Problem description: Only the lines from the start of the entries up to and including the line with "below by \<open>exp" should be written out, exactly as they stand.

Available records:

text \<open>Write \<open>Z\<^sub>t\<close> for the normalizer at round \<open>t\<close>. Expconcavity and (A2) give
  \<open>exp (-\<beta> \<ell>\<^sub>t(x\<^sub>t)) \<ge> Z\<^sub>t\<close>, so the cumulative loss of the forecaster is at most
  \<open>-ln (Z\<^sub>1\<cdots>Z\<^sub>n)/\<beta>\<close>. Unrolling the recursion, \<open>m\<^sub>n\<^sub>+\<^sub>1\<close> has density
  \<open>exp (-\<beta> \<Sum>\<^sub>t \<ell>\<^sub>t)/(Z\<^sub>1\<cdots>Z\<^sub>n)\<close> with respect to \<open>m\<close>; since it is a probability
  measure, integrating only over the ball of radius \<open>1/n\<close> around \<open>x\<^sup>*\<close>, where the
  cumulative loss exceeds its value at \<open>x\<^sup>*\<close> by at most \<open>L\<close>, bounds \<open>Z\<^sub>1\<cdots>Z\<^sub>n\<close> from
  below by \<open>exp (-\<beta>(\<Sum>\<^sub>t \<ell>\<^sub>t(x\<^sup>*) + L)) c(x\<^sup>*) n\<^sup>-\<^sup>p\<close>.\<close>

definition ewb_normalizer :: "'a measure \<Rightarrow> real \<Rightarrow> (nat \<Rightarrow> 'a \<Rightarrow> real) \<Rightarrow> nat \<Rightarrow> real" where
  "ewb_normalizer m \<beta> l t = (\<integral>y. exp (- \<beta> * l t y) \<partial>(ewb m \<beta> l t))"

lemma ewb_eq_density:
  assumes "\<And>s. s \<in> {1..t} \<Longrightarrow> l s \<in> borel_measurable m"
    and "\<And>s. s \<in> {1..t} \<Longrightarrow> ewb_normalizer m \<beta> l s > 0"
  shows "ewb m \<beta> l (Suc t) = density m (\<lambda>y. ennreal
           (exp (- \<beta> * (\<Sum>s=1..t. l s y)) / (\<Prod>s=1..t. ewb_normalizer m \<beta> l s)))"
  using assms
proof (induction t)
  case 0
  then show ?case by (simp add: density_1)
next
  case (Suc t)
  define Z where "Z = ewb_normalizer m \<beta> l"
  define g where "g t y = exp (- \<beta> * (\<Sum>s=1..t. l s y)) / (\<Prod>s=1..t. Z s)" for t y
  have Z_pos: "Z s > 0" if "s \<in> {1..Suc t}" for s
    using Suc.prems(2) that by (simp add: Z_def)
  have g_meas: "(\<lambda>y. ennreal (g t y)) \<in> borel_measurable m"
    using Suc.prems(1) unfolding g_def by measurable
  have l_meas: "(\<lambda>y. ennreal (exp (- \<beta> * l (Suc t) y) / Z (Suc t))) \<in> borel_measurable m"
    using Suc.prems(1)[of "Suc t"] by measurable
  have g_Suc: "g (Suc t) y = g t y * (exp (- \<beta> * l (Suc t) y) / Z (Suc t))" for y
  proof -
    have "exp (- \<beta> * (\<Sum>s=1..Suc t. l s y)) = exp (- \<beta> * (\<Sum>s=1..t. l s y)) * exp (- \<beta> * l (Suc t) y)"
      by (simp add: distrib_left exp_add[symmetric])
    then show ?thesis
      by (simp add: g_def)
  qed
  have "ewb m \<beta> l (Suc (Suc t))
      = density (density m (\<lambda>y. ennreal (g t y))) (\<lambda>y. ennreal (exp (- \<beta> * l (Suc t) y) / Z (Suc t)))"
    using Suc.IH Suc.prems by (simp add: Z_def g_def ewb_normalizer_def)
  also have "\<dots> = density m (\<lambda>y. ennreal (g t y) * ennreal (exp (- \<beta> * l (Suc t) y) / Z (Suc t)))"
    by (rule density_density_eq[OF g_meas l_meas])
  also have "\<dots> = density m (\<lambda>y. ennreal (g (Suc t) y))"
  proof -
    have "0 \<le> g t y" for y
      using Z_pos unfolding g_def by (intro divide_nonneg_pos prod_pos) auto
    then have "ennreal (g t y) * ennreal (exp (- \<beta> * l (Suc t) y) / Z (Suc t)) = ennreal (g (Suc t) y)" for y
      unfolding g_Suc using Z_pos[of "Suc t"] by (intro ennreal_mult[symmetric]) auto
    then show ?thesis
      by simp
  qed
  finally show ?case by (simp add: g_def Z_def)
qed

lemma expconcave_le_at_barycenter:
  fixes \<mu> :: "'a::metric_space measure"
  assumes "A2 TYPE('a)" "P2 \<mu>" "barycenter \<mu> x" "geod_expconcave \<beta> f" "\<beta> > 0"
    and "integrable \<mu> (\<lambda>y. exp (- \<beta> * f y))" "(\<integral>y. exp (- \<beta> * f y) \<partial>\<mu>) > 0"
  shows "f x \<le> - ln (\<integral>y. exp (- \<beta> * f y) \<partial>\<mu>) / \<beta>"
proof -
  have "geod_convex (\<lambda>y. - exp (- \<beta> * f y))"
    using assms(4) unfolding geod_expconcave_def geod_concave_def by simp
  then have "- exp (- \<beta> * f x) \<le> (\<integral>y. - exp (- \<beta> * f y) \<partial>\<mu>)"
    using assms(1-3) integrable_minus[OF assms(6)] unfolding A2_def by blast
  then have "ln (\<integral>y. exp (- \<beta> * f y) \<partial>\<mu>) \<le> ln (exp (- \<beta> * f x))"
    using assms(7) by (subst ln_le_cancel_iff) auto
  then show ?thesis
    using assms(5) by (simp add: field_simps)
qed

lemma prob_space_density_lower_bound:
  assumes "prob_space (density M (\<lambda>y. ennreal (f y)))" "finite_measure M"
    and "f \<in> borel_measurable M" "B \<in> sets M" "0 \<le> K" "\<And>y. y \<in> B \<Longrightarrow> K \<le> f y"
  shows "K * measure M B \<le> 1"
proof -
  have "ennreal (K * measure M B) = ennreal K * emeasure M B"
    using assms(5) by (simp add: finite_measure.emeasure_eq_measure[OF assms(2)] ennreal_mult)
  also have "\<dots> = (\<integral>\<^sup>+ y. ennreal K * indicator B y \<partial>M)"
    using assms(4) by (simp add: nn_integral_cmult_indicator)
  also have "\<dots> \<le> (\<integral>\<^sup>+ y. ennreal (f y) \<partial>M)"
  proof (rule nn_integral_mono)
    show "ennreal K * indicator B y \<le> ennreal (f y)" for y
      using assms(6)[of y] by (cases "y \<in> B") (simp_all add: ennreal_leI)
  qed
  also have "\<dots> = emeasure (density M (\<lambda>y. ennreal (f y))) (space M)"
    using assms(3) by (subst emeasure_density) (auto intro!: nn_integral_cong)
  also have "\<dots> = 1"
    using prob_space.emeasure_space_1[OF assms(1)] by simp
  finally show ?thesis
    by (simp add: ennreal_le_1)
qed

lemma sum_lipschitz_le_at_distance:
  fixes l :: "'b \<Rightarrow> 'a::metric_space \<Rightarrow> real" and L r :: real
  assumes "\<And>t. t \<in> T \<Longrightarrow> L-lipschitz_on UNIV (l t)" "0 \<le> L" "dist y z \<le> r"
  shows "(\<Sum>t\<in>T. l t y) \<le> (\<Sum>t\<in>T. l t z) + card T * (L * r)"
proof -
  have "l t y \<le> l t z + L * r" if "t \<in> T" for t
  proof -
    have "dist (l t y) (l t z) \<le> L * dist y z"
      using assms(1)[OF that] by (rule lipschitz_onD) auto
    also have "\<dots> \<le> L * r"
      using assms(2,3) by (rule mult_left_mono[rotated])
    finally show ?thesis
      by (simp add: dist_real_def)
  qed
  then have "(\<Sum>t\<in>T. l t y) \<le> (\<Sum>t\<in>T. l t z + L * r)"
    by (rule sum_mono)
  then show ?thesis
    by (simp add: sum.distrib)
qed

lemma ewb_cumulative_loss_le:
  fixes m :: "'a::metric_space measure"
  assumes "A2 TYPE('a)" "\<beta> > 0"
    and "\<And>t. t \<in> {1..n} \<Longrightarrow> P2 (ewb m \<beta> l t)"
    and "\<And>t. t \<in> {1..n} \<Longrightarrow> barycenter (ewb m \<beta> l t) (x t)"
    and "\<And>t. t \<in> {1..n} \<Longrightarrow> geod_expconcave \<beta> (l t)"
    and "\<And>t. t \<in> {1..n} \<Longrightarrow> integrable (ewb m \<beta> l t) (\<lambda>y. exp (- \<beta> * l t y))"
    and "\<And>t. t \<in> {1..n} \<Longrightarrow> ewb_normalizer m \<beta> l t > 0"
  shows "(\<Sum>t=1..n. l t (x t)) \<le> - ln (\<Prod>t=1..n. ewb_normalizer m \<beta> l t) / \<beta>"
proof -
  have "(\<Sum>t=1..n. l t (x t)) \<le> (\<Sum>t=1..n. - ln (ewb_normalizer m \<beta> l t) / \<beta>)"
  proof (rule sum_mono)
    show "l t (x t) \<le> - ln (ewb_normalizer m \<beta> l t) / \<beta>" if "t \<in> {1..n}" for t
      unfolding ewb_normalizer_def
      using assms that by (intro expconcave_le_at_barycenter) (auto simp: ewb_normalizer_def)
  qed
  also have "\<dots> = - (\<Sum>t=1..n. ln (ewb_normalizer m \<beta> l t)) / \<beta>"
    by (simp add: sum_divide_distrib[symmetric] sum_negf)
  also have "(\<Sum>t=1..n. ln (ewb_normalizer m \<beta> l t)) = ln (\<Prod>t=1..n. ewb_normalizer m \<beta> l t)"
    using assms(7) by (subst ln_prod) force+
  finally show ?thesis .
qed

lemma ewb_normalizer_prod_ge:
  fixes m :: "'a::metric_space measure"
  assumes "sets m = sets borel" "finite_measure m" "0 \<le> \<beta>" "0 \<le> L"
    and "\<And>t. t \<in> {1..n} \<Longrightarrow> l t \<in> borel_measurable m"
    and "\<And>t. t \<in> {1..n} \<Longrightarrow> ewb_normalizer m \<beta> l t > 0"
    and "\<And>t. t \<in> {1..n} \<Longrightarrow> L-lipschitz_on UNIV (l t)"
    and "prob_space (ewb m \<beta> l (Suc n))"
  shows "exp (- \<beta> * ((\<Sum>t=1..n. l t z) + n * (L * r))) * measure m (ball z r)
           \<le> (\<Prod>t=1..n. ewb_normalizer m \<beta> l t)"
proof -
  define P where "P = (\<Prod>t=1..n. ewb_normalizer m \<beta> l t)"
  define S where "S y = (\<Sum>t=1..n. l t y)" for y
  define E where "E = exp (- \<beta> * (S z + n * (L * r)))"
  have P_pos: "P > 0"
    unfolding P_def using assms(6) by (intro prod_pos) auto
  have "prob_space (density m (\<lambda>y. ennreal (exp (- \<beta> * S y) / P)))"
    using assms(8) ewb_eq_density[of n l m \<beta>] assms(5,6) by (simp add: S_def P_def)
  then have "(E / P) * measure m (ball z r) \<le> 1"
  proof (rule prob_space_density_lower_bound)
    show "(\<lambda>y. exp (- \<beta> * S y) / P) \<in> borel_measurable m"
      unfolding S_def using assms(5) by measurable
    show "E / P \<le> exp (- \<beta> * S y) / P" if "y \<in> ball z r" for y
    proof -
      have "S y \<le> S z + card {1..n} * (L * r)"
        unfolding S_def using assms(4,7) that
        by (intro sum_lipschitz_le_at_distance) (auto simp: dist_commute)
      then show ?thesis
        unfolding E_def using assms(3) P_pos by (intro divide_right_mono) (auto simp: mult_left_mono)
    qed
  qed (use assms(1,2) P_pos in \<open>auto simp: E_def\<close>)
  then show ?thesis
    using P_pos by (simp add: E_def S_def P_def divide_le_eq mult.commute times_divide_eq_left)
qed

Expected output:
text \<open>Write \<open>Z\<^sub>t\<close> for the normalizer at round \<open>t\<close>. Expconcavity and (A2) give
  \<open>exp (-\<beta> \<ell>\<^sub>t(x\<^sub>t)) \<ge> Z\<^sub>t\<close>, so the cumulative loss of the forecaster is at most
  \<open>-ln (Z\<^sub>1\<cdots>Z\<^sub>n)/\<beta>\<close>. Unrolling the recursion, \<open>m\<^sub>n\<^sub>+\<^sub>1\<close> has density
  \<open>exp (-\<beta> \<Sum>\<^sub>t \<ell>\<^sub>t)/(Z\<^sub>1\<cdots>Z\<^sub>n)\<close> with respect to \<open>m\<close>; since it is a probability
  measure, integrating only over the ball of radius \<open>1/n\<close> around \<open>x\<^sup>*\<close>, where the
  cumulative loss exceeds its value at \<open>x\<^sup>*\<close> by at most \<open>L\<close>, bounds \<open>Z\<^sub>1\<cdots>Z\<^sub>n\<close> from
  below by \<open>exp (-\<beta>(\<Sum>\<^sub>t \<ell>\<^sub>t(x\<^sup>*) + L)) c(x\<^sup>*) n\<^sup>-\<^sup>p\<close>.\<close>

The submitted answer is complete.